* EXERCISE INSTRUCTIONS
Report each line of the material below where the word "esub" can be found.

* INFORMATION
(* Let $s\geq2$. Define $f_s:\mathrm{Aut}_{s-1}(H)\to k^{\mathbb{Z}}$ by $f_s(\phi)=(\beta_n)_{n\in\mathbb{Z}}$, where $\phi(x^ny^s)=x^ny^s+\beta_n(x^{n+s}-x^n)$ for all $n\in\mathbb{Z}$. Then $f_s$ is a group epimorphism onto the additive group $k^{\mathbb{Z}}$, and $1\to\mathrm{Aut}_s(H)\hookrightarrow\mathrm{Aut}_{s-1}(H)\xrightarrow{f_s}k^{\mathbb{Z}}\to0$ is an exact sequence of groups.
   Context: Let $k$ be a field and $0\neq q\in k$ not a root of unity. $H=k_q[x,x^{-1},y]$ is the $k$-algebra generated by $x,x^{-1},y$ with $xx^{-1}=x^{-1}x=1$, $yx=qxy$, a Hopf algebra with $\Delta(x)=x\otimes x$, $\Delta(y)=y\otimes x+1\otimes y$, $\varepsilon(x)=1$, $\varepsilon(y)=0$; $\{x^ny^m:n\in\mathbb{Z},m\in\mathbb{N}\}$ is a $k$-basis. Let $H_0=\mathrm{span}\{x^n\}$, $H(m)=H_0y^m$. $\mathrm{Aut}_c(H)$ is the group under composition of coalgebra automorphisms of $H$, and for $m\geq1$, $\mathrm{Aut}_m(H)=\{\phi\in\mathrm{Aut}_c(H):\phi(h)=h\text{ for all }h\in\sum_{i=0}^mH(i)\}$. $k^{\mathbb{Z}}$ is the group of sequences in $k$ under componentwise addition. It is a fact (proved in the paper) that for every $\phi\in\mathrm{Aut}_{s-1}(H)$ there is a unique $(\beta_n)_{n\in\mathbb{Z}}\in k^{\mathbb{Z}}$ with $\phi(x^ny^s)=x^ny^s+\beta_n(x^{n+s}-x^n)$ for all $n$, so $f_s$ is well defined. *)

theory Defs
  imports "HOL-Library.Poly_Mapping" "HOL-Algebra.Algebra"
begin

text \<open>The quantum plane Hopf algebra H = k_q[x,x^{-1},y], represented as finitely
supported functions on its basis: the pair (n,m) stands for x^n y^m.\<close>

type_synonym 'k hopfH = "(int \<times> nat) \<Rightarrow>\<^sub>0 'k"
type_synonym 'k hopfHH = "((int \<times> nat) \<times> (int \<times> nat)) \<Rightarrow>\<^sub>0 'k"

definition mon :: "int \<Rightarrow> nat \<Rightarrow> 'k::field hopfH" where
  "mon n m = Poly_Mapping.single (n, m) 1"

definition smul :: "'k::field \<Rightarrow> ('a \<Rightarrow>\<^sub>0 'k) \<Rightarrow> ('a \<Rightarrow>\<^sub>0 'k)" where
  "smul c v = (\<Sum>p\<in>Poly_Mapping.keys v. Poly_Mapping.single p (c * Poly_Mapping.lookup v p))"

definition k_linear :: "(('a \<Rightarrow>\<^sub>0 'k::field) \<Rightarrow> ('b \<Rightarrow>\<^sub>0 'k)) \<Rightarrow> bool" where
  "k_linear f \<longleftrightarrow> (\<forall>u v. f (u + v) = f u + f v) \<and> (\<forall>c v. f (smul c v) = smul c (f v))"

definition tens :: "'k::field hopfH \<Rightarrow> 'k hopfH \<Rightarrow> 'k hopfHH" where
  "tens a b = (\<Sum>p\<in>Poly_Mapping.keys a. \<Sum>r\<in>Poly_Mapping.keys b. Poly_Mapping.single (p, r) (Poly_Mapping.lookup a p * Poly_Mapping.lookup b r))"

text \<open>Product of basis elements in H: (x^a y^b)(x^c y^d) = q^(bc) x^(a+c) y^(b+d),
  since y x = q x y.\<close>
definition bcoef :: "'k::field \<Rightarrow> int \<times> nat \<Rightarrow> int \<times> nat \<Rightarrow> 'k" where
  "bcoef q p r = q powi (int (snd p) * fst r)"

definition bprod :: "int \<times> nat \<Rightarrow> int \<times> nat \<Rightarrow> int \<times> nat" where
  "bprod p r = (fst p + fst r, snd p + snd r)"

definition tmul :: "'k::field \<Rightarrow> 'k hopfHH \<Rightarrow> 'k hopfHH \<Rightarrow> 'k hopfHH" where
  "tmul q t u = (\<Sum>p\<in>Poly_Mapping.keys t. \<Sum>r\<in>Poly_Mapping.keys u.
     Poly_Mapping.single (bprod (fst p) (fst r), bprod (snd p) (snd r))
       (Poly_Mapping.lookup t p * Poly_Mapping.lookup u r * bcoef q (fst p) (fst r) * bcoef q (snd p) (snd r)))"

primrec tpow :: "'k::field \<Rightarrow> 'k hopfHH \<Rightarrow> nat \<Rightarrow> 'k hopfHH" where
  "tpow q t 0 = Poly_Mapping.single ((0, 0), (0, 0)) 1"
| "tpow q t (Suc m) = tmul q (tpow q t m) t"

text \<open>\<Delta>(y) = y \<otimes> x + 1 \<otimes> y\<close>
definition comul_y :: "'k::field hopfHH" where
  "comul_y = Poly_Mapping.single ((0, 1), (1, 0)) 1 + Poly_Mapping.single ((0, 0), (0, 1)) 1"
(* For every $n\equiv 15 \pmod{16}$ (with $n\geq 15$), there exists an almost 2-perfect maximum 8-cycle packing of $K_n$.
   Context: An 8-cycle packing of $K_n$ on vertex set $\mathcal{X}$ is a triple $(\mathcal{X},\mathcal{C},\mathcal{L})$ with $\mathcal{C}$ a collection of pairwise edge-disjoint 8-cycles of $K_n$ and leave $\mathcal{L}$ the set of edges in no cycle of $\mathcal{C}$; it is maximum if $|\mathcal{L}|$ is minimum among all 8-cycle packings of $K_n$. For an 8-cycle $C$, an inside 8-cycle of $C$ is an 8-cycle on the same vertex set sharing no edge with $C$. The packing is almost 2-perfect if one can choose for each $C\in\mathcal{C}$ an inside 8-cycle $C'$ such that $(\mathcal{X},\{C'\},\mathcal{L})$ is again an 8-cycle packing with the same leave. *)

theory Defs
  imports Main
begin

definition kedges :: "'a set \<Rightarrow> 'a set set" where
  "kedges X = {e. e \<subseteq> X \<and> card e = 2}"

definition cycle8 :: "'a set \<Rightarrow> 'a set set \<Rightarrow> bool" where
  "cycle8 X c \<longleftrightarrow> (\<exists>v :: nat \<Rightarrow> 'a. inj_on v {..<8} \<and> v ` {..<8} \<subseteq> X \<and>
      c = {{v i, v ((i + 1) mod 8)} | i. i < 8})"

definition packing8 :: "'a set \<Rightarrow> 'a set set set \<Rightarrow> 'a set set \<Rightarrow> bool" where
  "packing8 X C L \<longleftrightarrow> (\<forall>c\<in>C. cycle8 X c) \<and> pairwise (\<lambda>a b. a \<inter> b = {}) C
      \<and> L = kedges X - \<Union>C"

definition max_packing8 :: "'a set \<Rightarrow> 'a set set set \<Rightarrow> 'a set set \<Rightarrow> bool" where
  "max_packing8 X C L \<longleftrightarrow> packing8 X C L \<and>
      (\<forall>C' L'. packing8 X C' L' \<longrightarrow> card L \<le> card L')"

definition inside8 :: "'a set set \<Rightarrow> 'a set set \<Rightarrow> bool" where
  "inside8 c c' \<longleftrightarrow> cycle8 (\<Union>c) c' \<and> \<Union>c' = \<Union>c \<and> c \<inter> c' = {}"

definition almost_2perfect8 :: "'a set \<Rightarrow> 'a set set set \<Rightarrow> 'a set set \<Rightarrow> bool" where
  "almost_2perfect8 X C L \<longleftrightarrow>
     (\<exists>f. (\<forall>c\<in>C. inside8 c (f c)) \<and> packing8 X (f ` C) L)"

end

theory Submission
  imports Defs "HOL-Library.Disjoint_Sets"
begin

text \<open>An 8-cycle packing of \<open>K\<^sub>n\<close>, \<open>n \<equiv> 15 (mod 16)\<close>, leaves at least 9 edges: the leave
  has \<open>n choose 2 \<equiv> 1 (mod 8)\<close> edges, and since \<open>n\<close> is odd every vertex has even degree in the
  leave, so it is not a single edge. Nine edges, three disjoint triangles, are attained recursively.
  \<open>K\<^sub>1\<^sub>5\<close> minus the triangles, \<open>K\<^sub>2\<^sub>3 - K\<^sub>7\<close> and \<open>K\<^sub>4\<^sub>,\<^sub>4\<close> each decompose into
  8-cycles paired with inside 8-cycles that again decompose the graph; these base decompositions are
  checked from explicit certificates. Passing from \<open>n\<close> to \<open>n + 16\<close>, the new edges form a
  \<open>K\<^sub>2\<^sub>3 - K\<^sub>7\<close> on the last 7 old and the 16 new vertices, together with the complete
  bipartite graph between the remaining \<open>n - 7\<close> old vertices and the new ones, which splits into
  copies of \<open>K\<^sub>4\<^sub>,\<^sub>4\<close>. The outer cycles form a maximum packing, and the inside cycles witness
  that it is almost 2-perfect.\<close>

lemma cycle8_edges:
  assumes "cycle8 X c"
  obtains v :: "nat \<Rightarrow> 'a" where "inj_on v {..<8}" "v ` {..<8} \<subseteq> X"
    "c = (\<lambda>i. {v i, v (Suc i mod 8)}) ` {..<8}"
proof -
  from assms obtain v :: "nat \<Rightarrow> 'a" where "inj_on v {..<8}" "v ` {..<8} \<subseteq> X"
      "c = {{v i, v ((i + 1) mod 8)} | i. i < 8}"
    unfolding cycle8_def by blast
  moreover have "{{v i, v ((i + 1) mod 8)} | i. i < 8} = (\<lambda>i. {v i, v (Suc i mod 8)}) ` {..<8}"
    by auto
  ultimately show ?thesis using that by blast
qed

lemma cycle8I:
  assumes "inj_on v {..<8}" "v ` {..<8} \<subseteq> X" "c = (\<lambda>i. {v i, v (Suc i mod 8)}) ` {..<8}"
  shows "cycle8 X c"
proof -
  have "c = {{v i, v ((i + 1) mod 8)} | i. i < 8}" using assms(3) by auto
  with assms(1,2) show ?thesis unfolding cycle8_def by blast
qed

lemma inj_on_cycle8_edge:
  assumes "inj_on v {..<8}"
  shows "inj_on (\<lambda>i. {v i, v (Suc i mod 8)}) {..<8}"
proof (rule inj_onI)
  fix i j :: nat
  assume i: "i \<in> {..<8}" and j: "j \<in> {..<8}"
    and eq: "{v i, v (Suc i mod 8)} = {v j, v (Suc j mod 8)}"
  have "Suc i mod 8 \<in> {..<8}" "Suc j mod 8 \<in> {..<8}" by auto
  with eq i j have "i = j \<or> (i = Suc j mod 8 \<and> Suc i mod 8 = j)"
    using inj_on_eq_iff[OF assms] by (auto simp: doubleton_eq_iff)
  then show "i = j" using i j by (auto simp: mod_Suc split: if_splits)
qed

lemma card_cycle8:
  assumes "cycle8 X c"
  shows "card c = 8"
proof -
  obtain v where v: "inj_on v {..<8}" "v ` {..<8} \<subseteq> X"
    "c = (\<lambda>i. {v i, v (Suc i mod 8)}) ` {..<8}"
    by (rule cycle8_edges[OF assms])
  have "card c = card {..<8::nat}"
    unfolding v(3) by (rule card_image[OF inj_on_cycle8_edge[OF v(1)]])
  then show ?thesis by simp
qed
theorem lemma4p5:
  fixes G :: "('a, 'b) monoid_scheme" and p s :: nat
  assumes "Factorial_Ring.prime p"
    and "group G" and "finite (carrier G)"
    and "two_tuple_regular G"
    and "group_exponent G = p ^ s"
  shows "\<forall>i \<le> s.
           (\<forall>x \<in> Omega G p i. group.ord G x \<le> p ^ i \<and>
               (\<exists>y \<in> carrier G. x = y [^]\<^bsub>G\<^esub> (p ^ (s - i))))
         \<and> two_tuple_regular (G\<lparr>carrier := Omega G p i\<rparr>)"
proof -
  interpret group G by fact
  note p = assms(1) and fin = assms(3) and reg = assms(4) and exponent = assms(5)
  have exp: "x [^]\<^bsub>G\<^esub> (p ^ s) = \<one>\<^bsub>G\<^esub>" if "x \<in> carrier G" for x
    using ord_dvd_group_exponent[OF that] exponent pow_eq_id[OF that] by simp
  have Omega: "Omega G p i = torsion G (p ^ i)" for i
    using generate_subgroup_eq[OF torsion_prime_power_subgroup[OF reg fin p exp]]
    by (simp add: Omega_def torsion_def)
  obtain y where y: "y \<in> carrier G" "group.ord G y = p ^ s"
    using exists_ord_eq_prime_power_exponent[OF p exponent] by blast
  show ?thesis
  proof (intro allI impI conjI ballI)
    fix i x assume i: "i \<le> s" and "x \<in> Omega G p i"
    then have x: "x \<in> torsion G (p ^ i)"
      by (simp add: Omega)
    then have "group.ord G x dvd p ^ i"
      using pow_eq_id by (auto simp: torsion_def)
    then show "group.ord G x \<le> p ^ i"
      using p by (simp add: dvd_imp_le prime_gt_0_nat)
    show "\<exists>z \<in> carrier G. x = z [^]\<^bsub>G\<^esub> p ^ (s - i)"
      using torsion_prime_power_root[OF reg p y i x] .
  next
    fix i
    show "two_tuple_regular (G\<lparr>carrier := Omega G p i\<rparr>)"
      using two_tuple_regular_torsion_subgroup[OF reg torsion_prime_power_subgroup[OF reg fin p exp]]
      by (simp add: Omega)
  qed
qed

end
(* Let $\Gamma$ be a countable group and let $S\leq\Gamma$ be a nontrivial subgroup. Fix a family $(\varepsilon_\gamma)_{\gamma\in\Gamma\setminus\{e_\Gamma\}}$ of real numbers in $]0,1[$ such that $\prod_{\gamma\in\Gamma\setminus\{e_\Gamma\}}(1-\varepsilon_\gamma)>0$, and a family $(n_\gamma)_{\gamma\in\Gamma\setminus\{e_\Gamma\}}$ of pairwise coprime integers. Assume that for every $\gamma\in\Gamma\setminus\{e_\Gamma\}$ there exists a finite index subgroup $\Gamma_\gamma\leq\Gamma$, whose index is a power of $n_\gamma$, such that (1) $\gamma\notin\Gamma_\gamma$, and (2) $\lvert\{q\in\Gamma/\Gamma_\gamma\colon sq=q \text{ for all } s\in S\}\rvert\geq(1-\varepsilon_\gamma)[\Gamma:\Gamma_\gamma]$. For each finite $F\subseteq\Gamma\setminus\{e_\Gamma\}$ let $X_F=\Gamma/\bigcap_{\gamma\in F}\Gamma_\gamma$ with the left-translation action of $\Gamma$ and the uniform probability measure $\mu_F$. Then the profinite action $\Gamma\curvearrowright\varprojlim_F(X_F,\mu_F)$ is allosteric.
   Context: The finite subsets $F$ of $\Gamma\setminus\{e_\Gamma\}$ are directed by inclusion; for $F\subseteq G$ the map $X_G\to X_F$ is the natural $\Gamma$-equivariant surjection $x\bigcap_{\gamma\in G}\Gamma_\gamma\mapsto x\bigcap_{\gamma\in F}\Gamma_\gamma$. The inverse limit $\varprojlim_F X_F=\{(x_F)\in\prod_F X_F\colon x_F \text{ is the image of } x_G \text{ whenever } F\subseteq G\}$ is a compact metrizable totally disconnected space with the product topology and diagonal $\Gamma$-action, and it carries the unique Borel probability measure $\mu$ whose pushforward to each $X_F$ is $\mu_F$. A minimal ergodic action $\Gamma\curvearrowright(X,\mu)$ (action by homeomorphisms on a compact metric space with all orbits dense, $\mu$ an ergodic invariant Borel probability measure) is allosteric if the set of points with trivial stabilizer is comeager (topologically free) but does not have full $\mu$-measure (not essentially free); in particular the conclusion includes that the action is minimal and ergodic. *)

theory Defs
  imports "HOL-Probability.Probability" "HOL-Algebra.Left_Coset"
begin

definition borel_of :: "'b topology \<Rightarrow> 'b measure" where
  "borel_of T = sigma (topspace T) {U. openin T U}"

definition comeager_in :: "'b topology \<Rightarrow> 'b set \<Rightarrow> bool" where
  "comeager_in T A \<longleftrightarrow>
     (\<exists>U :: nat \<Rightarrow> 'b set. (\<forall>n. openin T (U n) \<and> T closure_of (U n) = topspace T)
        \<and> (\<Inter>n. U n) \<subseteq> A)"

definition top_action :: "('a, 'c) monoid_scheme \<Rightarrow> 'b topology \<Rightarrow> ('a \<Rightarrow> 'b \<Rightarrow> 'b) \<Rightarrow> bool" where
  "top_action G T act \<longleftrightarrow>
     (\<forall>x\<in>topspace T. act \<one>\<^bsub>G\<^esub> x = x) \<and>
     (\<forall>g\<in>carrier G. \<forall>h\<in>carrier G. \<forall>x\<in>topspace T.
        act (g \<otimes>\<^bsub>G\<^esub> h) x = act g (act h x)) \<and>
     (\<forall>g\<in>carrier G. homeomorphic_map T T (act g))"
lemma mpow_nat_Suc_right: "A [^] Suc n \<doteq> A [^] n \<cdot> A"
proof (induction n)
  case 0
  show ?case
    by (simp add: mpow_nat_Suc mpow_nat_0 meq_trans[OF mmul_mone_right meq_sym[OF mmul_mone_left]])
next
  case (Suc n)
  have "A [^] Suc (Suc n) \<doteq> A \<cdot> (A [^] n \<cdot> A)"
    unfolding mpow_nat_Suc[of A "Suc n"] by (rule mmul_cong_right[OF Suc])
  then show ?case by (simp add: mpow_nat_Suc mmul_assoc)
qed

definition minvertible :: "'a::ring_1 mat \<Rightarrow> bool"
  where "minvertible A \<longleftrightarrow> (\<exists>B. A \<cdot> B \<doteq> mone \<and> B \<cdot> A \<doteq> mone)"

lemma minvertibleI:
  assumes right: "A \<cdot> L \<doteq> mone" and left: "L' \<cdot> A \<doteq> mone"
  shows "minvertible A"
proof -
  have "L \<doteq> mone \<cdot> L"
    by (rule meq_sym[OF mmul_mone_left])
  also have "\<dots> \<doteq> L' \<cdot> A \<cdot> L"
    by (rule mmul_cong_left[OF meq_sym[OF left]])
  also have "\<dots> = L' \<cdot> (A \<cdot> L)"
    by (simp add: mmul_assoc)
  also have "\<dots> \<doteq> L' \<cdot> mone"
    by (rule mmul_cong_right[OF right])
  also have "\<dots> \<doteq> L'"
    by (rule mmul_mone_right)
  finally have "L \<cdot> A \<doteq> mone"
    by (rule meq_trans[OF mmul_cong_left left])
  with right show ?thesis
    unfolding minvertible_def by blast
qed

lemma minv_inverse:
  assumes "minvertible A"
  shows "A \<cdot> minv N A \<doteq> mone" and "minv N A \<cdot> A \<doteq> mone"
proof -
  from assms have "A \<cdot> minv N A \<doteq> mone \<and> minv N A \<cdot> A \<doteq> mone"
    unfolding minvertible_def minv_def by (rule someI_ex)
  then show "A \<cdot> minv N A \<doteq> mone" and "minv N A \<cdot> A \<doteq> mone"
    by blast+
qed

lemma mpow_nat_inverse:
  assumes "X \<cdot> Y \<doteq> mone"
  shows "X [^] n \<cdot> Y [^] n \<doteq> mone"
proof (induction n)
  case 0
  show ?case
    by (simp add: mpow_nat_0 mmul_mone_left)
next
  case (Suc n)
  have "X [^] Suc n \<cdot> Y [^] Suc n \<doteq> X \<cdot> X [^] n \<cdot> (Y [^] n \<cdot> Y)"
    unfolding mpow_nat_Suc[of X] by (intro mmul_cong_right mpow_nat_Suc_right)
  also have "\<dots> = X \<cdot> (X [^] n \<cdot> Y [^] n \<cdot> Y)"
    by (simp add: mmul_assoc)
  also have "\<dots> \<doteq> X \<cdot> (mone \<cdot> Y)"
    by (intro mmul_cong_right mmul_cong_left Suc)
  also have "\<dots> \<doteq> X \<cdot> Y"
    by (intro mmul_cong_right mmul_mone_left)
  also have "\<dots> \<doteq> mone"
    by (rule assms)
  finally show ?case .
qed

lemma mpow_nat_intertwine:
  assumes "R \<cdot> B \<doteq> B \<cdot> P"
  shows "R [^] n \<cdot> B \<doteq> B \<cdot> P [^] n"
proof (induction n)
  case 0
  show ?case
    by (simp add: mpow_nat_0 meq_trans[OF mmul_mone_left meq_sym[OF mmul_mone_right]])
next
  case (Suc n)
  have "R [^] Suc n \<cdot> B = R \<cdot> (R [^] n \<cdot> B)"
    by (simp add: mpow_nat_Suc mmul_assoc)
  also have "\<dots> \<doteq> R \<cdot> (B \<cdot> P [^] n)"
    by (rule mmul_cong_right[OF Suc])
  also have "\<dots> = R \<cdot> B \<cdot> P [^] n"
    by (simp add: mmul_assoc)
  also have "\<dots> \<doteq> B \<cdot> P \<cdot> P [^] n"
    by (rule mmul_cong_left[OF assms])
  also have "\<dots> = B \<cdot> P [^] Suc n"
    by (simp add: mpow_nat_Suc mmul_assoc)
  finally show ?case .
qed

lemma intertwine_inverse:
  assumes "R' \<cdot> R \<doteq> mone" "P \<cdot> P' \<doteq> mone" "R \<cdot> B \<doteq> B \<cdot> P"
  shows "R' \<cdot> B \<doteq> B \<cdot> P'"
proof -
  have "R' \<cdot> B \<doteq> R' \<cdot> (B \<cdot> mone)"
    by (rule meq_sym[OF mmul_cong_right[OF mmul_mone_right]])
  also have "\<dots> \<doteq> R' \<cdot> (B \<cdot> (P \<cdot> P'))"
    by (rule mmul_cong_right[OF mmul_cong_right[OF meq_sym[OF assms(2)]]])
  also have "\<dots> = R' \<cdot> (B \<cdot> P \<cdot> P')"
    by (simp add: mmul_assoc)
  also have "\<dots> \<doteq> R' \<cdot> (R \<cdot> B \<cdot> P')"
    by (rule mmul_cong_right[OF mmul_cong_left[OF meq_sym[OF assms(3)]]])
  also have "\<dots> = R' \<cdot> R \<cdot> (B \<cdot> P')"
    by (simp add: mmul_assoc)
  also have "\<dots> \<doteq> mone \<cdot> (B \<cdot> P')"
    by (rule mmul_cong_left[OF assms(1)])
  also have "\<dots> \<doteq> B \<cdot> P'"
    by (rule mmul_mone_left)
  finally show ?thesis .
qed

* REPLY
               (\<exists>y \<in> carrier G. x = y [^]\<^bsub>G\<^esub> (p ^ (s - i))))
  have exp: "x [^]\<^bsub>G\<^esub> (p ^ s) = \<one>\<^bsub>G\<^esub>" if "x \<in> carrier G" for x
    show "\<exists>z \<in> carrier G. x = z [^]\<^bsub>G\<^esub> p ^ (s - i)"
     (\<forall>x\<in>topspace T. act \<one>\<^bsub>G\<^esub> x = x) \<and>
        act (g \<otimes>\<^bsub>G\<^esub> h) x = act g (act h x)) \<and>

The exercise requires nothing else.